House, Senate and Bush ideas on illegal immigrants compared

The NY Times published today a checklist comparison of these three points of view. You can find the president’s address in Workingimmigrants.com here.
http://www.nytimes.com/2006/05/16/washington/16IMMIGRATIONBILLS_GRAPHIC.html
Full Text of House Bill (H.R.4437) here
Full Text of Senate Bill (S.2611) here
Temporary Worker Program
House (passed): No such provisions. Eliminates the Diversity Visa Lottery Program.
Senate (not yet passed): Creates a temporary worker program, with a potential path to legal permanent residence for individuals currently outside the U.S. Employers seeking to hire foreign workers would first have to try to recruit an available American worker.
President in speech: Has called on Congress to pass a guest worker program for more than two years. Said that “to secure our border, we must create a temporary worker program.”
Legalization of Undocumented Immigrants
House: No such provisions.
Senate: Provides legalization criteria for three different groups. The major one, called the “Earned Legalization Program,” would provide a path to legal permanent residence for undocumented immigrants who have been here for five years and employed for three of those and who meet other requirements.
President: While rejecting “an automatic path to citizenship,” Mr. Bush said that immigrants should be given a chance to gain citizenship after they “pay a meaningful penalty for breaking the law.”
Worksite Enforcement


House: Requires employers to participate in an electronic employment eligibility verification system within three to six years.
Senate: Also requires employers to participate in an electronic employment eligibility verification system, but with a shorter timeline: within 18 months.
President: Mr. Bush also said that employers should participate in an electronic employment eligibility verification system but did not give a specific timeline.
Criminal Penalties for Existing Illegal Immigrants
House: Makes it a federal crime to live in the United States illegally. Individuals who help illegal immigrants to enter or stay in the country would also face criminal penalties.

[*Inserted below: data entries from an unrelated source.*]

(* Let $f(t)=1+\sum_{i=1}^{d}f_{i-1}t^{i}$ be a polynomial with positive integer coefficients $f_0,\dots,f_{d-1}$, all of whose roots are real. Then $(1,f_0,\dots,f_{d-1})$ is the $h$-vector of a Cohen–Macaulay simplicial complex; equivalently, $\kappa_{i+1}(f_i)\le f_{i-1}$ for all $0\le i\le d-1$ (with $f_{-1}=1$).
   Context: Given positive integers $m$ and $i$, $m$ has a unique $i$-th binomial expansion $m=\binom{a_i}{i}+\binom{a_{i-1}}{i-1}+\cdots+\binom{a_j}{j}$ with $a_i>a_{i-1}>\cdots>a_j\ge j\ge1$. Define $\kappa_i(m)=\binom{a_i-1}{i-1}+\binom{a_{i-1}-1}{i-2}+\cdots+\binom{a_j-1}{j-1}$. For a simplicial complex $\Delta$ of dimension $d-1$ with $f$-vector $(f_{-1},\dots,f_{d-1})$ ($f_i$ = number of $i$-dimensional faces, $f_{-1}=1$), the $h$-polynomial $\sum_{i=0}^{d} h_i t^i$ is defined by $\sum h_it^i=(1-t)^{d}\sum_{i=0}^{d}f_{i-1}(t/(1-t))^{i}$, and $(h_0,\dots,h_d)$ is its $h$-vector. By Macaulay's theorem, a vector $(1,f_0,\dots,f_{d-1})$ of positive integers is the $h$-vector of a Cohen–Macaulay simplicial complex iff $\kappa_{i+1}(f_i)\le f_{i-1}$ for $0\le i\le d-1$. *)

theory Defs
  imports "HOL-Computational_Algebra.Polynomial" Complex_Main
begin

text \<open>A list as = [a_i, a_(i-1), ..., a_j] is the i-th binomial expansion of m, where
  j = i + 1 - length as; the entry at position k corresponds to binomial (as!k choose (i-k)).\<close>
definition is_binom_expansion :: "nat \<Rightarrow> nat \<Rightarrow> nat list \<Rightarrow> bool" where
  "is_binom_expansion i m as \<longleftrightarrow>
     as \<noteq> [] \<and> length as \<le> i \<and>
     sorted_wrt (>) as \<and>
     last as \<ge> i + 1 - length as \<and>
     m = (\<Sum>k<length as. (as ! k) choose (i - k))"

definition kappa :: "nat \<Rightarrow> nat \<Rightarrow> nat" where
  "kappa i m = (let as = (THE as. is_binom_expansion i m as)
                in \<Sum>k<length as. (as ! k - 1) choose (i - k - 1))"

definition fpoly :: "nat \<Rightarrow> (nat \<Rightarrow> nat) \<Rightarrow> real poly" where
  "fpoly d f = 1 + (\<Sum>i\<in>{1..d}. monom (real (f (i - 1))) i)"

end

theory Submission
  imports Defs "HOL-Computational_Algebra.Fundamental_Theorem_Algebra"
begin

text \<open>
  Write a_0 = 1 and a_k = f_(k-1) for the coefficients of f. A real-rooted polynomial with
  positive coefficients is c (t + r_1) ... (t + r_n) with all r_i > 0, and multiplying by t + r
  preserves the Newton-type inequalities (k + 2) a_k a_(k+2) <= (k + 1) a_(k+1)^2.

  These inequalities imply Macaulay's conditions by induction on k. Let p = a_k and let N be
  its pseudo-power, obtained by replacing every term (b choose j) of the k-th binomial
  expansion of p by (b + 1 choose j + 1). Then kappa_(k+1)(N) = p and
  k p^2 + N <= (k + 1) kappa_k(p) N. As kappa_k(p) <= a_(k-1), the Newton inequality
  (k + 1) a_(k-1) a_(k+1) <= k p^2 forces a_(k+1) <= N, and monotonicity of kappa_(k+1) gives
  kappa_(k+1)(a_(k+1)) <= p. The inequality for the pseudo-power is proved by induction on the
  length of the expansion; its inductive step is an explicit polynomial certificate.\<close>

section \<open>Binomial expansions as lists\<close>

text \<open>\<open>cascade i [a_i, ..., a_j]\<close> says that the list is an \<open>i\<close>-th binomial expansion (lemma
  \<open>is_binom_expansion_iff\<close>); for such a list, \<open>cascade_val (Suc i) (map Suc as)\<close> is Macaulay's
  pseudo-power of its value.\<close>

fun cascade :: "nat \<Rightarrow> nat list \<Rightarrow> bool" where
  "cascade i [] = True"
| "cascade i (a # as) \<longleftrightarrow> 1 \<le> i \<and> i \<le> a \<and> (\<forall>b\<in>set as. b < a) \<and> cascade (i - 1) as"

fun cascade_val :: "nat \<Rightarrow> nat list \<Rightarrow> nat" where
  "cascade_val i [] = 0"
| "cascade_val i (a # as) = (a choose i) + cascade_val (i - 1) as"

fun cascade_kappa :: "nat \<Rightarrow> nat list \<Rightarrow> nat" where
  "cascade_kappa i [] = 0"
| "cascade_kappa i (a # as) = ((a - 1) choose (i - 1)) + cascade_kappa (i - 1) as"

lemma sum_choose_eq_cascade_val: "(\<Sum>k<length as. (as ! k) choose (i - k)) = cascade_val i as"
proof (induction as arbitrary: i)
  case (Cons a as)
  then show ?case using Cons.IH[of "i - 1"] by (simp add: sum.lessThan_Suc_shift del: sum.lessThan_Suc)
qed simp

lemma sum_choose_eq_cascade_kappa:
  "(\<Sum>k<length as. (as ! k - 1) choose (i - k - 1)) = cascade_kappa i as"
proof (induction as arbitrary: i)
  case (Cons a as)
  then show ?case using Cons.IH[of "i - 1"] by (simp add: sum.lessThan_Suc_shift del: sum.lessThan_Suc)
qed simp

lemma cascade_iff:
  "as \<noteq> [] \<Longrightarrow> cascade i as \<longleftrightarrow> length as \<le> i \<and> sorted_wrt (>) as \<and> i + 1 - length as \<le> last as"
proof (induction as arbitrary: i)
  case (Cons a as)
  show ?case
  proof (cases as)
    case (Cons b bs)
    have "cascade (i - 1) as \<longleftrightarrow> length as \<le> i - 1 \<and> sorted_wrt (>) as \<and> i - 1 + 1 - length as \<le> last as"
      using Cons.IH \<open>as = b # bs\<close> by blast
    moreover have "cascade (i - 1) as \<Longrightarrow> i - 1 \<le> b"
      using \<open>as = b # bs\<close> by simp
    ultimately show ?thesis
      using \<open>as = b # bs\<close> by (cases "i = 0") auto
  qed simp
qed simp

lemma is_binom_expansion_iff:
  "is_binom_expansion i m as \<longleftrightarrow> as \<noteq> [] \<and> cascade i as \<and> cascade_val i as = m"
  unfolding is_binom_expansion_def using cascade_iff sum_choose_eq_cascade_val by metis

lemma cascade_val_Cons_less: "cascade i (a # as) \<Longrightarrow> cascade_val i (a # as) < Suc a choose i"
proof (induction as arbitrary: i a)
  case Nil
  then show ?case by (cases i) auto
next
  case (Cons b bs)
  then obtain i' where i': "i = Suc i'" by (cases i) auto
  have "cascade_val i' (b # bs) < Suc b choose i'"
    using Cons i' by auto
  also have "\<dots> \<le> a choose i'"
    using Cons.prems by (intro binomial_right_mono) auto
  finally show ?case using i' by simp
qed

lemma cascade_val_less_of_head_less:
  assumes "cascade i (a # as)" "cascade i (b # bs)" "a < b"
  shows "cascade_val i (a # as) < cascade_val i (b # bs)"
proof -
  have "cascade_val i (a # as) < Suc a choose i"
    using assms(1) by (rule cascade_val_Cons_less)
  also have "\<dots> \<le> b choose i"
    using assms(3) by (intro binomial_right_mono) simp
  also have "\<dots> \<le> cascade_val i (b # bs)"
    by simp
  finally show ?thesis .
qed

lemma cascade_val_inj:
  "cascade i as \<Longrightarrow> cascade i bs \<Longrightarrow> cascade_val i as = cascade_val i bs \<Longrightarrow> as = bs"
proof (induction as arbitrary: i bs)
  case Nil
  then show ?case by (cases bs) auto
next
  case (Cons a as)
  then obtain b bs' where bs: "bs = b # bs'"
    by (cases bs) auto
  have "a = b"
    using cascade_val_less_of_head_less[of i a as b bs'] cascade_val_less_of_head_less[of i b bs' a as]
      Cons.prems bs by (cases a b rule: linorder_cases) auto
  then show ?case
    using Cons bs by auto
qed

lemma cascade_exists_less:
  "m < A choose i \<Longrightarrow> \<exists>as. cascade i as \<and> cascade_val i as = m \<and> (\<forall>x\<in>set as. x < A)"
proof (induction i arbitrary: A m)
  case 0
  then show ?case by (intro exI[of _ "[]"]) simp
next
  case (Suc i)
  show ?case
  proof (cases "m = 0")
    case True
    then show ?thesis by (intro exI[of _ "[]"]) simp
  next
    case False
    define S where "S = {x. x < A \<and> x choose Suc i \<le> m}"
    define a where "a = Max S"
    have "Suc i < A"
    proof (rule ccontr)
      assume "\<not> Suc i < A"
      then have "A choose Suc i \<le> 1"
        by (cases "A = Suc i") (auto simp: binomial_eq_0)
      then show False
        using Suc.prems False by simp
    qed
    then have "Suc i \<in> S"
      using False unfolding S_def by simp
    moreover have "finite S"
      unfolding S_def by simp
    ultimately have "a \<in> S" "Suc i \<le> a" "Suc a \<notin> S"
      unfolding a_def by (auto intro: Max_in Max_ge dest: Max_ge[of S "Suc (Max S)"])
    then have a: "a < A" "a choose Suc i \<le> m" "Suc i \<le> a" and "Suc a \<notin> S"
      unfolding S_def by auto
    then have "m < Suc a choose Suc i"
      using Suc.prems unfolding S_def by (cases "Suc a = A") auto
    then have "m - (a choose Suc i) < a choose i"
      using a(2) by simp
    then obtain as where "cascade i as" "cascade_val i as = m - (a choose Suc i)" "\<forall>x\<in>set as. x < a"
      using Suc.IH by blast
    then show ?thesis
      using a by (intro exI[of _ "a # as"]) auto
  qed
qed

lemma less_add_choose: "0 < i \<Longrightarrow> m < (m + i) choose i"
proof (induction i rule: nat_induct_non_zero)
  case (Suc i)
  then show ?case by (cases m) auto
qed simp

lemma cascade_exists:
  assumes "0 < i" "0 < m"
  obtains as where "as \<noteq> []" "cascade i as" "cascade_val i as = m"
proof -
  obtain as where "cascade i as" "cascade_val i as = m"
    using cascade_exists_less[OF less_add_choose[OF assms(1)]] by blast
  moreover have "as \<noteq> []"
    using calculation assms(2) by auto
  ultimately show thesis
    using that by blast
qed

lemma kappa_cascade_val:
  assumes "cascade i as" "as \<noteq> []"
  shows "kappa i (cascade_val i as) = cascade_kappa i as"
proof -
  have "(THE bs. is_binom_expansion i (cascade_val i as) bs) = as"
    using assms cascade_val_inj by (intro the_equality) (auto simp: is_binom_expansion_iff)
  then show ?thesis
    unfolding kappa_def Let_def using sum_choose_eq_cascade_kappa by simp
qed

lemma cascade_kappa_Cons_le: "cascade i (a # as) \<Longrightarrow> cascade_kappa i (a # as) \<le> a choose (i - 1)"
proof (induction as arbitrary: i a)
  case Nil
  then show ?case by (simp add: binomial_right_mono)
next
  case (Cons b bs)
  then obtain i' a' where i': "i = Suc (Suc i')" and a': "a = Suc a'"
    by (cases i; cases "i - 1"; cases a) auto
  have "cascade_kappa (Suc i') (b # bs) \<le> b choose i'"
    using Cons.IH[of "Suc i'" b] Cons.prems i' by simp
  then have "cascade_kappa i (a # b # bs) \<le> (a' choose Suc i') + (b choose i')"
    using i' a' by simp
  also have "\<dots> \<le> (a' choose Suc i') + (a' choose i')"
    using Cons.prems a' by (intro add_left_mono binomial_right_mono) auto
  also have "\<dots> = a choose (i - 1)"
    using a' i' by simp
  finally show ?case .
qed

lemma cascade_kappa_mono:
  "cascade i as \<Longrightarrow> cascade i bs \<Longrightarrow> cascade_val i as \<le> cascade_val i bs
    \<Longrightarrow> cascade_kappa i as \<le> cascade_kappa i bs"
proof (induction as arbitrary: i bs)
  case Nil
  then show ?case by simp
next
  case (Cons a as)
  then obtain b bs' where bs: "bs = b # bs'"
    by (cases bs) auto
  consider "a = b" | "b < a" | "a < b"
    by linarith
  then show ?case
  proof cases
    case 1
    then show ?thesis
      using Cons bs by auto
  next
    case 2
    then show ?thesis
      using cascade_val_less_of_head_less[of i b bs' a as] Cons.prems bs by simp
  next
    case 3
    have "cascade_kappa i (a # as) \<le> a choose (i - 1)"
      using Cons.prems(1) by (rule cascade_kappa_Cons_le)
    also have "\<dots> \<le> (b - 1) choose (i - 1)"
      using 3 by (intro binomial_right_mono) simp
    also have "\<dots> \<le> cascade_kappa i bs"
      using bs by simp
    finally show ?thesis .
  qed
qed

lemma kappa_mono:
  assumes "0 < i" "0 < m" "m \<le> m'"
  shows "kappa i m \<le> kappa i m'"
proof -
  obtain as where as: "as \<noteq> []" "cascade i as" "cascade_val i as = m"
    using cascade_exists assms(1,2) by blast
  obtain bs where bs: "bs \<noteq> []" "cascade i bs" "cascade_val i bs = m'"
    using cascade_exists assms by (metis less_le_trans)
  show ?thesis
    using kappa_cascade_val[OF as(2,1)] kappa_cascade_val[OF bs(2,1)] cascade_kappa_mono[OF as(2) bs(2)]
      as bs assms(3) by simp
qed

lemma kappa_1: "0 < m \<Longrightarrow> kappa 1 m = 1"
  using kappa_cascade_val[of 1 "[m]"] by simp

lemma cascade_map_Suc: "cascade i as \<Longrightarrow> cascade (Suc i) (map Suc as)"
proof (induction as arbitrary: i)
  case (Cons a as)
  then obtain i' where "i = Suc i'"
    by (cases i) auto
  then show ?case
    using Cons by auto
qed simp

lemma cascade_kappa_map_Suc: "cascade i as \<Longrightarrow> cascade_kappa (Suc i) (map Suc as) = cascade_val i as"
proof (induction as arbitrary: i)
  case (Cons a as)
  then show ?case
    using Cons.IH[of "i - 1"] by simp
qed simp

lemma cascade_val_le_map_Suc: "cascade i as \<Longrightarrow> cascade_val i as \<le> cascade_val (Suc i) (map Suc as)"
proof (induction as arbitrary: i)
  case (Cons a as)
  then show ?case
    using Cons.IH[of "i - 1"] by simp
qed simp

section \<open>Macaulay's conditions from Newton-type inequalities\<close>

lemma quadratic_form_nonneg:
  fixes a b c x y :: real
  assumes "0 \<le> a" "0 \<le> c" "b^2 \<le> 4 * a * c"
  shows "0 \<le> a * x^2 - b * x * y + c * y^2"
proof (cases "a = 0")
  case True
  then have "b = 0"
    using assms(3) by simp
  then show ?thesis
    using True assms(2) by simp
next
  case False
  have "4 * a * (a * x^2 - b * x * y + c * y^2) = (2 * a * x - b * y)^2 + (4 * a * c - b^2) * y^2"
    by (simp add: algebra_simps power2_eq_square)
  also have "\<dots> \<ge> 0"
    using assms by simp
  finally show ?thesis
    using assms(1) False by (simp add: zero_le_mult_iff)
qed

Senate: Mandates penalties for smuggling aliens, but offers exceptions for those who provide “humanitarian” assistance to immigrants, including medical care and housing.
President: Said that “it is neither wise nor realistic to round up millions of people, many with deep roots in the United States, and send them across the border.”
Border Security – Fencing
House: Requires the construction of “at least two layers of reinforced fencing” as well as “physical barriers, roads, lighting, cameras and sensors” along approximately 700 miles of the U.S.-Mexico border.
Senate: Also calls for “double- or triple-layered fencing” but only to replace “aged, deteriorating, or damaged primary fencing” in Arizona.
President: Said that “walls and patrols alone will not stop” illegal immigration. Instead, the focus should be on trying to reduce the number of people trying to sneak across.
Border Security: Personnel
House: Hires more Border Patrol agents “as expeditiously as possible.” Nearly 12,000 Border Patrol agents currently stand guard. Hires at least 250 active duty port of entry inspectors for each of the next three years.
Senate: Increases the number of Border Patrol agents by 2,400 each year through 2011. Calls for at least 500 active duty port of entry inspectors to be hired in each of the next three years.
President: Called on Congress to provide funding for large increases in manpower and technology at the border. He said that “by the end of 2008, we will increase the number of Border Patrol officers by an additional 6,000” and to help with the transition “up to 6,000 Guard members will be deployed to our southern border.”